* [Task item]:
Restate word for word the entries below, starting with the line with "(\<forall>c d. \<forall>a\<in>S. sm c" and continuing through the line with "(\<forall>a\<in>S. \<forall>b\<in>S. \<forall>c\<in>S. mul a". Include both of those lines and no others.

* [Supplied data]:
* * *
(* Let $\mathcal A$ be a $C^*$-algebra with identity $1$ and $\delta\colon\mathcal A\to\mathcal A$ a $^*$-endomorphism. The following are equivalent: 1) there exists a complete transfer operator $\delta_*$ for $(\mathcal A,\delta)$; 2) (i) there exists a non-degenerate transfer operator $\delta_*$ for $(\mathcal A,\delta)$, and (ii) $\delta(\mathcal A)$ is a hereditary subalgebra of $\mathcal A$; 3) (i) there exists a central orthogonal projection $P\in\mathcal A$ such that (a) $\delta(P)=\delta(1)$ and (b) the restriction $\delta\colon P\mathcal A\to\delta(\mathcal A)$ is a $^*$-isomorphism; and (ii) $\delta(\mathcal A)=\delta(1)\mathcal A\delta(1)$. Moreover, the transfer operator $\delta_*$ in 1) and in 2) is unique, the projection $P$ in 3) is unique, $P=\delta_*(1)$, and $\delta_*(a)=\delta^{-1}(\delta(1)a\delta(1))$ for all $a\in\mathcal A$, where $\delta^{-1}\colon\delta(\mathcal A)\to P\mathcal A$ is the inverse of the $^*$-isomorphism $\delta\colon P\mathcal A\to\delta(\mathcal A)$.
   Context: A transfer operator for $(\mathcal A,\delta)$ is a continuous positive linear map $\delta_*\colon\mathcal A\to\mathcal A$ such that $\delta_*(\delta(a)b)=a\,\delta_*(b)$ for all $a,b\in\mathcal A$. It is non-degenerate if $\delta(\delta_*(1))=\delta(1)$ (equivalently $\delta\circ\delta_*\circ\delta=\delta$). It is complete if $\delta(\delta_*(a))=\delta(1)a\delta(1)$ for all $a\in\mathcal A$. *)

theory Defs
  imports Complex_Main
begin

class cstar_algebra = banach + real_normed_algebra + ring_1 +
  fixes scaleC :: "complex \<Rightarrow> 'a \<Rightarrow> 'a"
    and cstar :: "'a \<Rightarrow> 'a"
  assumes scaleC_add_right: "scaleC c (x + y) = scaleC c x + scaleC c y"
    and scaleC_add_left: "scaleC (c + d) x = scaleC c x + scaleC d x"
    and scaleC_scaleC: "scaleC c (scaleC d x) = scaleC (c * d) x"
    and scaleC_one: "scaleC 1 x = x"
    and scaleR_scaleC: "scaleR r x = scaleC (complex_of_real r) x"
    and norm_scaleC: "norm (scaleC c x) = cmod c * norm x"
    and mult_scaleC_left: "scaleC c x * y = scaleC c (x * y)"
    and mult_scaleC_right: "x * scaleC c y = scaleC c (x * y)"
    and cstar_cstar: "cstar (cstar x) = x"
    and cstar_add: "cstar (x + y) = cstar x + cstar y"
    and cstar_scaleC: "cstar (scaleC c x) = scaleC (cnj c) (cstar x)"
    and cstar_mult: "cstar (x * y) = cstar y * cstar x"
    and cstar_identity: "norm (cstar x * x) = (norm x)\<^sup>2"

definition cstar_invertible :: "'a::cstar_algebra \<Rightarrow> bool" where
  "cstar_invertible x \<longleftrightarrow> (\<exists>y. x * y = 1 \<and> y * x = 1)"

definition cstar_spectrum :: "'a::cstar_algebra \<Rightarrow> complex set" where
  "cstar_spectrum a = {z. \<not> cstar_invertible (a - scaleC z 1)}"

definition cstar_positive :: "'a::cstar_algebra \<Rightarrow> bool" where
  "cstar_positive a \<longleftrightarrow> cstar a = a \<and> cstar_spectrum a \<subseteq> complex_of_real ` {0..}"
definition upper_semicontinuous_map :: "'x topology \<Rightarrow> ('x \<Rightarrow> real) \<Rightarrow> bool" where
  "upper_semicontinuous_map X f \<longleftrightarrow> (\<forall>t. openin X {x \<in> topspace X. f x < t})"

fun hist :: "('c list \<Rightarrow> 'c) \<Rightarrow> nat \<Rightarrow> 'c list" where
  "hist \<sigma> 0 = []"
| "hist \<sigma> (Suc n) = hist \<sigma> n @ [\<sigma> (hist \<sigma> n)]"

definition play :: "('c list \<Rightarrow> 'c) \<Rightarrow> nat \<Rightarrow> 'c" where
  "play \<sigma> n = \<sigma> (hist \<sigma> n)"

definition deviate :: "('c list \<Rightarrow> 'a) \<Rightarrow> ('c list \<Rightarrow> 'c) \<Rightarrow> 'a \<Rightarrow> ('c list \<Rightarrow> 'c) \<Rightarrow> ('c list \<Rightarrow> 'c)" where
  "deviate d \<sigma> a s = (\<lambda>h. if d h = a then s h else \<sigma> h)"

definition nash_equilibrium ::
  "('c list \<Rightarrow> 'a) \<Rightarrow> ('a \<Rightarrow> (nat \<Rightarrow> 'c) \<Rightarrow> real) \<Rightarrow> ('c list \<Rightarrow> 'c) \<Rightarrow> bool" where
  "nash_equilibrium d f \<sigma> \<longleftrightarrow>
     \<not> (\<exists>a s. f a (play \<sigma>) < f a (play (deviate d \<sigma> a s)))"

end

theory Submission
  imports Defs
begin

text \<open>For a player \<open>a\<close>, consider the win-lose games in which \<open>a\<close> tries to secure a payoff
  above \<open>w\<close> while the others try to hold it down to \<open>v\<close>.  Upper semicontinuity makes the plays with
  \<open>f a < t\<close> an open set, and an attractor argument with thresholds \<open>t\<close> decreasing to \<open>w\<close> shows
  that whenever \<open>a\<close> cannot secure more than \<open>w\<close>, the others can hold \<open>a\<close> to at most \<open>w\<close>.
  Hence \<open>a\<close> has a strategy along whose plays every history can be punished down to the payoff of
  the play itself.  Let every player follow such a strategy, producing a play \<open>p\<close>; the profile that
  follows \<open>p\<close> and, after a first deviation by \<open>a\<close>, lets the others hold \<open>a\<close> to \<open>f a p\<close> is
  a Nash equilibrium.\<close>

section \<open>Histories and cylinders\<close>

definition take_seq :: "nat \<Rightarrow> (nat \<Rightarrow> 'c) \<Rightarrow> 'c list" where
  "take_seq n q = map q [0..<n]"

definition extends :: "(nat \<Rightarrow> 'c) \<Rightarrow> 'c list \<Rightarrow> bool" where
  "extends q g \<longleftrightarrow> take_seq (length g) q = g"

lemma length_take_seq [simp]: "length (take_seq n q) = n"
  by (simp add: take_seq_def)

lemma nth_take_seq [simp]: "i < n \<Longrightarrow> take_seq n q ! i = q i"
  by (simp add: take_seq_def)

lemma take_seq_0 [simp]: "take_seq 0 q = []"
  by (simp add: take_seq_def)

lemma take_seq_Suc: "take_seq (Suc n) q = take_seq n q @ [q n]"
  by (simp add: take_seq_def)

lemma take_take_seq [simp]: "m \<le> n \<Longrightarrow> take m (take_seq n q) = take_seq m q"
  by (auto intro!: nth_equalityI)

lemma take_seq_eq_iff: "take_seq n q = take_seq n q' \<longleftrightarrow> (\<forall>i<n. q i = q' i)"
  by (auto simp: list_eq_iff_nth_eq)

lemma extends_Nil [simp]: "extends q []"
  by (simp add: extends_def)

lemma extends_take_seq [simp]: "extends q (take_seq n q)"
  by (simp add: extends_def)

lemma extends_take_seq_iff: "extends q' (take_seq n q) \<longleftrightarrow> (\<forall>i<n. q' i = q i)"
  by (simp add: extends_def take_seq_eq_iff)

lemma extends_snoc: "extends q (g @ [c]) \<longleftrightarrow> extends q g \<and> q (length g) = c"
  by (auto simp: extends_def take_seq_Suc)

lemma hist_eq_take_seq: "hist \<sigma> n = take_seq n (play \<sigma>)"
  by (induction n) (simp_all add: take_seq_Suc play_def)

lemma play_eq: "play \<sigma> n = \<sigma> (take_seq n (play \<sigma>))"
  by (simp add: play_def hist_eq_take_seq)

lemma exists_play_from:
  "\<exists>q. extends q g \<and> (\<forall>j\<ge>length g. q j = \<rho> (take_seq j q))"
proof -
  define q where "q = play (\<lambda>h. if length h < length g then g ! length h else \<rho> h)"
  have q: "q j = (if j < length g then g ! j else \<rho> (take_seq j q))" for j
  proof -
    have "q j = (\<lambda>h. if length h < length g then g ! length h else \<rho> h) (take_seq j q)"
      unfolding q_def by (rule play_eq)
    then show ?thesis
      by simp
  qed
  have "extends q g"
    unfolding extends_def by (rule nth_equalityI) (simp_all add: q)
  then show ?thesis
    using q by auto
qed

lemma upper_semicontinuous_cylinder:
  assumes "upper_semicontinuous_map play_topology F" and "F q < t"
  shows "\<exists>n. \<forall>q'. extends q' (take_seq n q) \<longrightarrow> F q' < t"
proof -
  have "openin (product_topology (\<lambda>_. discrete_topology UNIV) UNIV) {x. F x < t}"
    using assms(1) by (simp add: upper_semicontinuous_map_def play_topology_def)
  moreover have "q \<in> {x. F x < t}"
    using assms(2) by simp
  ultimately have "\<exists>U. finite {i \<in> UNIV. U i \<noteq> topspace (discrete_topology UNIV)} \<and>
      (\<forall>i \<in> UNIV. openin (discrete_topology UNIV) (U i)) \<and>
      q \<in> PiE UNIV U \<and> PiE UNIV U \<subseteq> {x. F x < t}"
    unfolding openin_product_topology_alt by (rule bspec)
  then obtain U where
    U: "finite {i. U i \<noteq> UNIV}" "q \<in> PiE UNIV U" "PiE UNIV U \<subseteq> {x. F x < t}"
    by auto
  obtain n where n: "{i. U i \<noteq> UNIV} \<subseteq> {..<n}"
    using finite_nat_bounded[OF U(1)] by blast
  have "F q' < t" if "extends q' (take_seq n q)" for q'
  proof -
    have "q' i \<in> U i" for i
    proof (cases "i < n")
      case True
      then show ?thesis
        using that U(2) by (auto simp: PiE_iff extends_take_seq_iff)
    next
      case False
      then have "U i = UNIV"
        using n by auto
      then show ?thesis
        by simp
    qed
    then show ?thesis
      using U(3) by (auto simp: PiE_iff)
  qed
  then show ?thesis
    by blast
qed

section \<open>Win-lose games on the tree of histories\<close>

text \<open>A win-lose game is given by the set \<open>P\<close> of positions owned by the player under
  consideration, all other positions being owned by the adversary, and by a winning set \<open>R\<close>.\<close>
definition conforms :: "('c list \<Rightarrow> bool) \<Rightarrow> ('c list \<Rightarrow> 'c) \<Rightarrow> 'c list \<Rightarrow> (nat \<Rightarrow> 'c) \<Rightarrow> bool" where
  "conforms P \<sigma> g q \<longleftrightarrow> extends q g \<and> (\<forall>j\<ge>length g. P (take_seq j q) \<longrightarrow> q j = \<sigma> (take_seq j q))"

definition forces :: "('c list \<Rightarrow> bool) \<Rightarrow> ((nat \<Rightarrow> 'c) \<Rightarrow> bool) \<Rightarrow> 'c list \<Rightarrow> bool" where
  "forces P R g \<longleftrightarrow> (\<exists>\<sigma>. \<forall>q. conforms P \<sigma> g q \<longrightarrow> R q)"

lemma conforms_iff_snoc:
  "conforms P \<sigma> g q \<longleftrightarrow>
     extends q g \<and> (P g \<longrightarrow> q (length g) = \<sigma> g) \<and> conforms P \<sigma> (g @ [q (length g)]) q"
proof -
  have split: "(\<forall>j\<ge>n. A j) \<longleftrightarrow> A n \<and> (\<forall>j\<ge>Suc n. A j)" for n and A :: "nat \<Rightarrow> bool"
    by (metis Suc_le_eq order.order_iff_strict)
  show ?thesis
    unfolding conforms_def extends_snoc split[of "length g"]
    by (auto simp: extends_def)
qed

lemma conforms_snoc_imp:
  assumes "conforms P \<sigma> (g @ [c]) q" and "P g \<Longrightarrow> c = \<sigma> g"
  shows "conforms P \<sigma> g q"
proof -
  have "extends q g" and "q (length g) = c"
    using assms(1) by (auto simp: conforms_def extends_snoc)
  then show ?thesis
    using assms by (simp add: conforms_iff_snoc[of P \<sigma> g q])
qed

lemma conforms_cong:
  "(\<And>j. length g \<le> j \<Longrightarrow> \<sigma> (take_seq j q) = \<sigma>' (take_seq j q)) \<Longrightarrow>
     conforms P \<sigma> g q \<longleftrightarrow> conforms P \<sigma>' g q"
  by (simp add: conforms_def)

lemma exists_conforming_play: "\<exists>q. conforms P \<sigma> g q \<and> conforms (\<lambda>x. \<not> P x) \<tau> g q"
  using exists_play_from[of g "\<lambda>x. if P x then \<sigma> x else \<tau> x"] by (auto simp: conforms_def)

lemma forces_snoc_own:
  assumes "P g" and "forces P R (g @ [c])"
  shows "forces P R g"
proof -
  obtain \<sigma> where \<sigma>: "\<And>q. conforms P \<sigma> (g @ [c]) q \<Longrightarrow> R q"
    using assms(2) by (auto simp: forces_def)
  have "conforms P \<sigma> (g @ [c]) q" if "conforms P (\<sigma>(g := c)) g q" for q
  proof -
    have "conforms P (\<sigma>(g := c)) (g @ [c]) q"
      using conforms_iff_snoc[THEN iffD1, OF that] assms(1) by auto
    moreover have "take_seq j q \<noteq> g" if "length (g @ [c]) \<le> j" for j
      using that by auto
    ultimately show ?thesis
      using conforms_cong[of "g @ [c]" "\<sigma>(g := c)" q \<sigma>] by simp
  qed
  then show ?thesis
    using \<sigma> by (auto simp: forces_def)
qed

lemma forces_all_snoc:
  assumes "\<not> P g" and "\<And>c. forces P R (g @ [c])"
  shows "forces P R g"
proof -
  obtain T where T: "\<And>c q. conforms P (T c) (g @ [c]) q \<Longrightarrow> R q"
    using assms(2) unfolding forces_def by metis
  have "R q" if "conforms P (\<lambda>h. T (h ! length g) h) g q" for q
  proof -
    have "conforms P (\<lambda>h. T (h ! length g) h) (g @ [q (length g)]) q"
      using conforms_iff_snoc[THEN iffD1, OF that] by blast
    moreover have "take_seq j q ! length g = q (length g)"
      if "length (g @ [q (length g)]) \<le> j" for j
      using that by simp
    ultimately have "conforms P (T (q (length g))) (g @ [q (length g)]) q"
      using conforms_cong[of "g @ [q (length g)]" "\<lambda>h. T (h ! length g) h" q "T (q (length g))"]
      by simp
    then show ?thesis
      by (rule T)
  qed
  then show ?thesis
    by (auto simp: forces_def)
qed

lemma forces_snoc_other:
  assumes "\<not> P g" and "forces P R g"
  shows "forces P R (g @ [c])"
proof -
  obtain \<sigma> where \<sigma>: "\<And>q. conforms P \<sigma> g q \<Longrightarrow> R q"
    using assms(2) by (auto simp: forces_def)
  have "conforms P \<sigma> g q" if "conforms P \<sigma> (g @ [c]) q" for q
    using conforms_snoc_imp[OF that] assms(1) by simp
  then show ?thesis
    using \<sigma> by (auto simp: forces_def)
qed
lemma esym_harmonic_series_recurrence:
  defines "e \<equiv> \<lambda>k. esym k (\<lambda>j. 1 / real j)"
    and "Q \<equiv> \<lambda>r n. pochhammer (real n + 1) r"
  assumes "p \<ge> 1"
    and previous: "(\<lambda>n. if k = 0 then 0 else e (k - 1) n / Q (Suc p) n) sums b"
  shows "(\<lambda>n. e k n / Q (Suc p) n) sums ((e k 0 / Q p 0 + b) / real p)"
proof (rule sums_of_telescoping[where c = "real p + 1", OF previous])
  have Q_pos: "Q r n > 0" for r n
    unfolding Q_def by (simp add: pochhammer_pos add_pos_nonneg)
  have e_nonneg: "e j n \<ge> 0" for j n
    unfolding e_def by (rule esym_nonneg) simp
  show "0 \<le> (if k = 0 then 0 else e (k - 1) n / Q (Suc p) n)" for n
    using e_nonneg Q_pos by (simp add: less_imp_le)
  show "0 \<le> e k n / Q (Suc p) n" "0 \<le> e k n / Q p n" for n
    using e_nonneg Q_pos by (simp_all add: less_imp_le)
  show "real p > 0" "real p + 1 > 0"
    using \<open>p \<ge> 1\<close> by simp_all
  show "real p * (e k n / Q (Suc p) n)
      = (if k = 0 then 0 else e (k - 1) n / Q (Suc p) n) + e k n / Q p n - e k (Suc n) / Q p (Suc n)" for n
    unfolding e_def Q_def by (rule esym_harmonic_telescope)
  show "e k n / Q p n = e k n / Q (Suc p) n * (real n + (real p + 1))" for n
    using Q_pos[of p n] unfolding Q_def by (simp add: pochhammer_Suc add_ac)
qed

lemma esym_harmonic_over_pochhammer_sums:
  assumes "p \<ge> 1"
  shows "(\<lambda>n. esym k (\<lambda>j. 1 / real j) n / pochhammer (real n + 1) (Suc p))
           sums (1 / fact p * (1 / real p ^ (k + 1)))"
proof (induction k)
  case 0
  have "(\<lambda>n. if (0::nat) = 0 then 0 else esym (0 - 1) (\<lambda>j. 1 / real j) n
      / pochhammer (real n + 1) (Suc p)) sums 0"
    by simp
  from esym_harmonic_series_recurrence[OF assms this] show ?case
    by (simp add: pochhammer_fact)
next
  case (Suc k)
  have "(\<lambda>n. if Suc k = 0 then 0 else esym (Suc k - 1) (\<lambda>j. 1 / real j) n
      / pochhammer (real n + 1) (Suc p)) sums (1 / fact p * (1 / real p ^ (k + 1)))"
    using Suc.IH by simp
  from esym_harmonic_series_recurrence[OF assms this] show ?case
    by (simp add: field_simps)
qed

theorem theorem6:
  fixes k q :: nat
  assumes "q \<ge> 2"
  shows "(\<lambda>n. P_poly k (\<lambda>r. gen_harm r n) / (\<Prod>j=1..q. real (n + j)))
           sums (1 / fact (q - 1) * (1 / real (q - 1) ^ (k + 1)))"
proof -
  obtain p where q: "q = Suc p" and "p \<ge> 1"
    using assms by (cases q) auto
  have "P_poly k (\<lambda>r. gen_harm r n) = esym k (\<lambda>j. 1 / real j) n" for n
    unfolding gen_harm_eq_power_sum by (rule P_poly_power_sums)
  then show ?thesis
    using esym_harmonic_over_pochhammer_sums[OF \<open>p \<ge> 1\<close>, of k]
    unfolding q prod_shift_eq_pochhammer by simp
qed

end
(* Every 2-local 1-automorphism of a finite dimensional formally real exceptional simple Jordan algebra $\mathcal{A}$ is an automorphism.
   Context: A real Jordan algebra is formally real if $\sum_i a_i^2=0$ (finite sum) implies each $a_i=0$; $\mathcal{A}$ is unital with identity $1$. Exceptional means not isomorphic to a Jordan subalgebra of $R^+$ (product $\frac12(ab+ba)$) for an associative algebra $R$. A symmetry is $s$ with $s^2=1$, $U_s(x)=2s(sx)-x$. A 2-local 1-automorphism is a map $\Delta$ (not assumed linear) such that for every $x,y$ there is a symmetry $s$ with $\Delta(x)=U_s(x)$, $\Delta(y)=U_s(y)$. *)

theory Defs
  imports "HOL-Analysis.Analysis"
begin

definition jordan_algebra :: "('a::real_vector \<Rightarrow> 'a \<Rightarrow> 'a) \<Rightarrow> bool" where
  "jordan_algebra p \<longleftrightarrow>
     bilinear p \<and>
     (\<forall>x y. p x y = p y x) \<and>
     (\<forall>x y. p (p x y) (p x x) = p x (p y (p x x)))"

definition jordan_unit :: "('a \<Rightarrow> 'a \<Rightarrow> 'a) \<Rightarrow> 'a \<Rightarrow> bool" where
  "jordan_unit p e \<longleftrightarrow> (\<forall>x. p e x = x \<and> p x e = x)"

definition formally_real :: "('a::real_vector \<Rightarrow> 'a \<Rightarrow> 'a) \<Rightarrow> bool" where
  "formally_real p \<longleftrightarrow>
     (\<forall>xs. sum_list (map (\<lambda>a. p a a) xs) = 0 \<longrightarrow> (\<forall>a\<in>set xs. a = 0))"

definition jordan_ideal :: "('a::real_vector \<Rightarrow> 'a \<Rightarrow> 'a) \<Rightarrow> 'a set \<Rightarrow> bool" where
  "jordan_ideal p I \<longleftrightarrow> subspace I \<and> (\<forall>a x. x \<in> I \<longrightarrow> p a x \<in> I)"

definition simple_algebra :: "('a::real_vector \<Rightarrow> 'a \<Rightarrow> 'a) \<Rightarrow> bool" where
  "simple_algebra p \<longleftrightarrow>
     (\<exists>x y. p x y \<noteq> 0) \<and>
     (\<forall>I. jordan_ideal p I \<longrightarrow> I = {0} \<or> I = UNIV)"

definition assoc_real_algebra_on ::
  "'r set \<Rightarrow> 'r \<Rightarrow> ('r \<Rightarrow> 'r \<Rightarrow> 'r) \<Rightarrow> (real \<Rightarrow> 'r \<Rightarrow> 'r) \<Rightarrow> ('r \<Rightarrow> 'r \<Rightarrow> 'r) \<Rightarrow> bool" where
  "assoc_real_algebra_on S z add sm mul \<longleftrightarrow>
     z \<in> S \<and>
     (\<forall>a\<in>S. \<forall>b\<in>S. add a b \<in> S) \<and>
     (\<forall>c. \<forall>a\<in>S. sm c a \<in> S) \<and>
     (\<forall>a\<in>S. \<forall>b\<in>S. mul a b \<in> S) \<and>
     (\<forall>a\<in>S. \<forall>b\<in>S. \<forall>c\<in>S. add (add a b) c = add a (add b c)) \<and>
     (\<forall>a\<in>S. \<forall>b\<in>S. add a b = add b a) \<and>
     (\<forall>a\<in>S. add z a = a) \<and>
     (\<forall>a\<in>S. \<exists>b\<in>S. add a b = z) \<and>
     (\<forall>c d. \<forall>a\<in>S. sm c (sm d a) = sm (c * d) a) \<and>
     (\<forall>a\<in>S. sm 1 a = a) \<and>
     (\<forall>c. \<forall>a\<in>S. \<forall>b\<in>S. sm c (add a b) = add (sm c a) (sm c b)) \<and>
     (\<forall>c d. \<forall>a\<in>S. sm (c + d) a = add (sm c a) (sm d a)) \<and>
     (\<forall>a\<in>S. \<forall>b\<in>S. \<forall>c\<in>S. mul (mul a b) c = mul a (mul b c)) \<and>
     (\<forall>a\<in>S. \<forall>b\<in>S. \<forall>c\<in>S. mul a (add b c) = add (mul a b) (mul a c)) \<and>
     (\<forall>a\<in>S. \<forall>b\<in>S. \<forall>c\<in>S. mul (add a b) c = add (mul a c) (mul b c)) \<and>
     (\<forall>r. \<forall>a\<in>S. \<forall>b\<in>S. mul (sm r a) b = sm r (mul a b) \<and> mul a (sm r b) = sm r (mul a b))"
* * *
* [Task solution]:
     (\<forall>c d. \<forall>a\<in>S. sm c (sm d a) = sm (c * d) a) \<and>
     (\<forall>a\<in>S. sm 1 a = a) \<and>
     (\<forall>c. \<forall>a\<in>S. \<forall>b\<in>S. sm c (add a b) = add (sm c a) (sm c b)) \<and>
     (\<forall>c d. \<forall>a\<in>S. sm (c + d) a = add (sm c a) (sm d a)) \<and>
     (\<forall>a\<in>S. \<forall>b\<in>S. \<forall>c\<in>S. mul (mul a b) c = mul a (mul b c)) \<and>
     (\<forall>a\<in>S. \<forall>b\<in>S. \<forall>c\<in>S. mul a (add b c) = add (mul a b) (mul a c)) \<and>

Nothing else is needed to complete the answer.